Validation vs scikit-learn (Proof)
This page gives reproducible, runnable checks that:
- Skyulf supports the familiar scikit-learn workflow (build
X/y, runtrain_test_split, fit on train, transform/predict on test). - Skyulf avoids common forms of data leakage by learning preprocessing parameters from train only.
Goal: show verifiable behavior, not claim bit-for-bit identical models.
1) scikit-learn-style workflow (X/y + train_test_split)
This mirrors the sklearn pattern:
- sklearn:
fit(X_train, y_train)thenpredict(X_test) - Skyulf: pass
SplitDataset(train=(X_train, y_train), test=(X_test, y_test))
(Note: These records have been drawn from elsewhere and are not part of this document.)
lemma inj_swap_to_end: "inj_on (swap_to_end M) (derangements (M+1) \<times> {..<M+1})"
proof (rule inj_onI)
  fix p q assume p: "p \<in> derangements (M+1) \<times> {..<M+1}" and q: "q \<in> derangements (M+1) \<times> {..<M+1}"
    and e: "swap_to_end M p = swap_to_end M q"
  obtain r1 i1 where p': "p = (r1, i1)" by fastforce
  obtain r2 i2 where q': "q = (r2, i2)" by fastforce
  have r1: "set r1 = {1..M+1}" "length r1 = M+1" "i1 < M+1" using p p' derangementsD by auto
  have r2: "set r2 = {1..M+1}" "length r2 = M+1" "i2 < M+1" using q q' derangementsD by auto
  have e1: "r1[i1 := M+2] = r2[i2 := M+2]" and e2: "r1 ! i1 = r2 ! i2"
    using e unfolding p' q' swap_to_end_def by auto
  have "r1[i1 := M+2] ! i1 = M+2" using r1 by simp
  then have "r2[i2 := M+2] ! i1 = M+2" using e1 by simp
  moreover have "i1 \<noteq> i2 \<Longrightarrow> r2[i2 := M+2] ! i1 = r2 ! i1" using r1 r2 by simp
  moreover have "r2 ! i1 \<in> set r2" using r1(2,3) r2(2) by simp
  ultimately have ii: "i1 = i2" using r2 by fastforce
  have "r1 = r1[i1 := M+2, i1 := r1 ! i1]" by simp
  also have "\<dots> = r2[i2 := M+2, i2 := r2 ! i2]" using e1 e2 ii by simp
  also have "\<dots> = r2" by simp
  finally show "p = q" using p' q' ii by simp
qed

lemma inj_shift_from: "inj (shift_from j)"
  by (rule injI) (auto simp: shift_from_def split: if_splits)

lemma map_shift_from_upt:
  assumes "1 \<le> j" "j \<le> M+1"
  shows "map (shift_from j) [1..<M+1] = [1..<j] @ [Suc j..<M+2]"
proof -
  have h1: "[1..<M+1] = [1..<j] @ [j..<M+1]"
    using assms by (metis le_add_diff_inverse upt_add_eq_append)
  have h2: "map (shift_from j) [1..<j] = [1..<j]"
    by (rule map_idI) (auto simp: shift_from_def)
  have h3: "map (shift_from j) [j..<M+1] = map Suc [j..<M+1]"
    by (rule map_cong) (auto simp: shift_from_def)
  have h4: "Suc (M+1) = M+2" by simp
  show ?thesis unfolding h1 map_append h2 h3 map_Suc_upt h4 by (rule refl)
qed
from __future__ import annotations
import pandas as pd
from sklearn.model_selection import train_test_split
from skyulf.data.dataset import SplitDataset
from skyulf.pipeline import SkyulfPipeline
# Synthetic classification data
raw = pd.DataFrame(
{
"age": [10, 20, None, 40, 50, 60, None, 80],
"city": ["A", "B", "A", "C", "B", "A", "C", "B"],
"target": [0, 1, 0, 1, 1, 0, 1, 0],
}
)
X = raw.drop(columns=["target"])
y = raw["target"]
X_train, X_test, y_train, y_test = train_test_split(
X, y, test_size=0.25, random_state=42, stratify=y
)
dataset = SplitDataset(train=(X_train, y_train), test=(X_test, y_test), validation=None)
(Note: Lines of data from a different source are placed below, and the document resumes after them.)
lemma cond_exp_Z_le:
  fixes v :: "nat \<Rightarrow> real"
  assumes N: "2 \<le> N"
    and pos: "\<And>k. k \<in> {1..N} \<Longrightarrow> 0 < v k"
    and mono: "\<And>i j. 1 \<le> i \<Longrightarrow> i \<le> j \<Longrightarrow> j \<le> N \<Longrightarrow> v i \<le> v j"
    and E_N_le: "E_N N v \<le> 2 * EU"
  shows "cond_exp_Z N v \<le> win_mass N v + sqrt (8 * EU * (real N * ln (real N)) / v (N-1))"
proof -
  let ?A = "loss_mass N v" and ?c = "ln (real N) + 1/2"
  have A: "0 < ?A" by (rule loss_mass_pos[OF N pos])
  have a: "0 < v (N-1)" using N pos by simp
  have lnN: "1/2 \<le> ln (real N)" by (rule ln_ge_half[OF N])
  have "cond_exp_Z N v \<le> win_mass N v + sqrt (2 * ?A * ?c)"
    using A lnN by (intro le_add_sqrt_of_quadratic_bound cond_exp_Z_chernoff[OF N pos mono]) auto
  also have "2 * ?A * ?c \<le> 8 * EU * (real N * ln (real N)) / v (N-1)"
  proof -
    have "2 * ?A * ?c \<le> 4 * ln (real N) * ?A" using A lnN by (simp add: mult_right_mono)
    also have "?A \<le> 2 * EU * real N / v (N-1)"
      using loss_mass_mult_eq_E_N[of N v] E_N_le a N by (simp add: field_simps)
    then have "4 * ln (real N) * ?A \<le> 4 * ln (real N) * (2 * EU * real N / v (N-1))"
      using lnN by (intro mult_left_mono) auto
    finally show ?thesis by (simp add: ac_simps)
  qed
  finally show ?thesis by simp
qed

section \<open>Order statistics\<close>

lemma order_stat_mono:
  assumes "1 \<le> i" "i \<le> j" "j \<le> N"
  shows "order_stat U N \<omega> i \<le> order_stat U N \<omega> j"
  unfolding order_stat_def using assms by (intro sorted_nth_mono) auto

lemma order_stat_pos:
  assumes "\<And>k. k \<in> {1..N} \<Longrightarrow> 0 < U k \<omega>" and "k \<in> {1..N}"
  shows "0 < order_stat U N \<omega> k"
proof -
  let ?xs = "map (\<lambda>i. U i \<omega>) [1..<N+1]"
  have "sort ?xs ! (k - 1) \<in> set ?xs"
    using assms(2) by (metis set_sort nth_mem length_sort length_map length_upt atLeastAtMost_iff
        add_diff_cancel_right' diff_less le_trans less_numeral_extra(1) Suc_le_eq add.commute plus_1_eq_Suc)
  then show ?thesis using assms(1) by (auto simp: order_stat_def)
qed

theorem lemma5:
  fixes M :: "'a measure" and U :: "nat \<Rightarrow> 'a \<Rightarrow> real" and \<mu> :: "real measure"
    and \<beta> x0 :: real and \<eta> :: "real \<Rightarrow> real"
  assumes "prob_space M"
    and "prob_space.indep_vars M (\<lambda>_. borel) U {1..}"
    and "\<And>i. i \<ge> 1 \<Longrightarrow> distr M borel (U i) = \<mu>"
    and "AE x in \<mu>. x > 0"
    and "integrable \<mu> (\<lambda>x. x ^ 2)"
    and "0 < \<beta>" and "\<beta> < 1/2" and "x0 > 0"
    and "x0 \<in> interior (real_support \<mu>)"
    and "convex_on {x0..} (\<lambda>x. measure \<mu> {x<..} powr (1/2 - \<beta>))"
    and "\<And>x y. 0 \<le> x \<Longrightarrow> x \<le> y \<Longrightarrow> \<eta> y \<le> \<eta> x"
    and "(\<eta> \<longlongrightarrow> 0) at_top"
    and "(\<lambda>N. measure M {\<omega>\<in>space M. order_stat U N \<omega> N / sqrt (real N) \<le> \<eta> (real N)})
           \<longlonglongrightarrow> 1"
  shows "\<exists>N0. \<forall>N\<ge>N0. AE \<omega> in M.
           (let V = order_stat U N \<omega>; EU = (\<integral>x. x \<partial>\<mu>) in
             (V N / sqrt (real N) \<le> \<eta> (real N)
              \<and> EU / 4 \<le> E_N N V \<and> E_N N V \<le> 2 * EU)
             \<longrightarrow> cond_exp_Z N V
                 \<le> (\<Sum>i=1..N-1. V (N-1) / (V (N-1) + V i))
                   + sqrt (8 * EU * (real N * ln (real N)) / V (N-1)))"
proof -
  interpret prob_space M by (rule assms(1))
  have U_pos: "AE \<omega> in M. 0 < U k \<omega>" if k: "1 \<le> k" for k
  proof -
    have "U k \<in> borel_measurable M" using assms(2) k by (auto simp: indep_vars_def2)
    moreover have "AE x in distr M borel (U k). 0 < x" unfolding assms(3)[OF k] by (rule assms(4))
    ultimately show ?thesis by (simp add: AE_distr_iff)
  qed
  show ?thesis
  proof (intro exI allI impI)
    fix N :: nat assume N: "2 \<le> N"
    have "AE \<omega> in M. \<forall>k\<in>{1..N}. 0 < U k \<omega>"
      by (rule AE_finite_allI) (auto intro: U_pos)
    then show "AE \<omega> in M. (let V = order_stat U N \<omega>; EU = (\<integral>x. x \<partial>\<mu>) in
             (V N / sqrt (real N) \<le> \<eta> (real N) \<and> EU / 4 \<le> E_N N V \<and> E_N N V \<le> 2 * EU)
             \<longrightarrow> cond_exp_Z N V \<le> (\<Sum>i=1..N-1. V (N-1) / (V (N-1) + V i))
                   + sqrt (8 * EU * (real N * ln (real N)) / V (N-1)))"
    proof eventually_elim
      case (elim \<omega>)
      then have pos: "\<And>k. k \<in> {1..N} \<Longrightarrow> 0 < order_stat U N \<omega> k" by (intro order_stat_pos) auto
      show ?case
        using cond_exp_Z_le[where v="order_stat U N \<omega>", OF N pos order_stat_mono]
        by (simp add: Let_def win_mass_def)
    qed
  qed
qed

end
# IMPORTANT: because we already split, we do not add TrainTestSplitter here.
config = {
"preprocessing": [
{
"name": "impute",
"transformer": "SimpleImputer",
"params": {"strategy": "mean", "columns": ["age"]},
},
{
"name": "encode",
"transformer": "OneHotEncoder",
"params": {"columns": ["city"], "drop_original": True, "handle_unknown": "ignore"},
},
],
"modeling": {"type": "random_forest_classifier", "params": {"n_estimators": 50, "random_state": 42}},
}
pipeline = SkyulfPipeline(config)
metrics = pipeline.fit(dataset, target_column="target") # target_column ignored for (X, y) tuples
preds = pipeline.predict(X_test)
# Proof-like checks
assert len(preds) == len(X_test)
assert preds.index.equals(X_test.index)
print("OK: Skyulf fit/predict with sklearn-style train/test split")
print("Metrics keys:", list(metrics.keys()))
1b) Side-by-side run: sklearn Pipeline vs SkyulfPipeline
This comparison proves both stacks can run the same shape of workflow on the same split. We do not assert equality of predictions (different defaults / encodings can legitimately differ).
For a stronger numeric sanity check, we also compute and print test accuracy for both pipelines and the absolute difference.
from __future__ import annotations
import numpy as np
import pandas as pd
from sklearn.compose import ColumnTransformer
from sklearn.datasets import load_breast_cancer
from sklearn.impute import SimpleImputer as SkSimpleImputer
from sklearn.linear_model import LogisticRegression
from sklearn.metrics import accuracy_score
from sklearn.metrics import classification_report
from sklearn.metrics import confusion_matrix
from sklearn.model_selection import train_test_split
from sklearn.pipeline import Pipeline as SkPipeline
from sklearn.preprocessing import OneHotEncoder as SkOneHotEncoder
from sklearn.preprocessing import StandardScaler
from skyulf import SkyulfPipeline
from skyulf.data.dataset import SplitDataset
np.random.seed(42)
# Real dataset + extra categorical feature + missingness
raw = load_breast_cancer(as_frame=True)
df = raw.frame.copy().rename(columns={"target": "label"})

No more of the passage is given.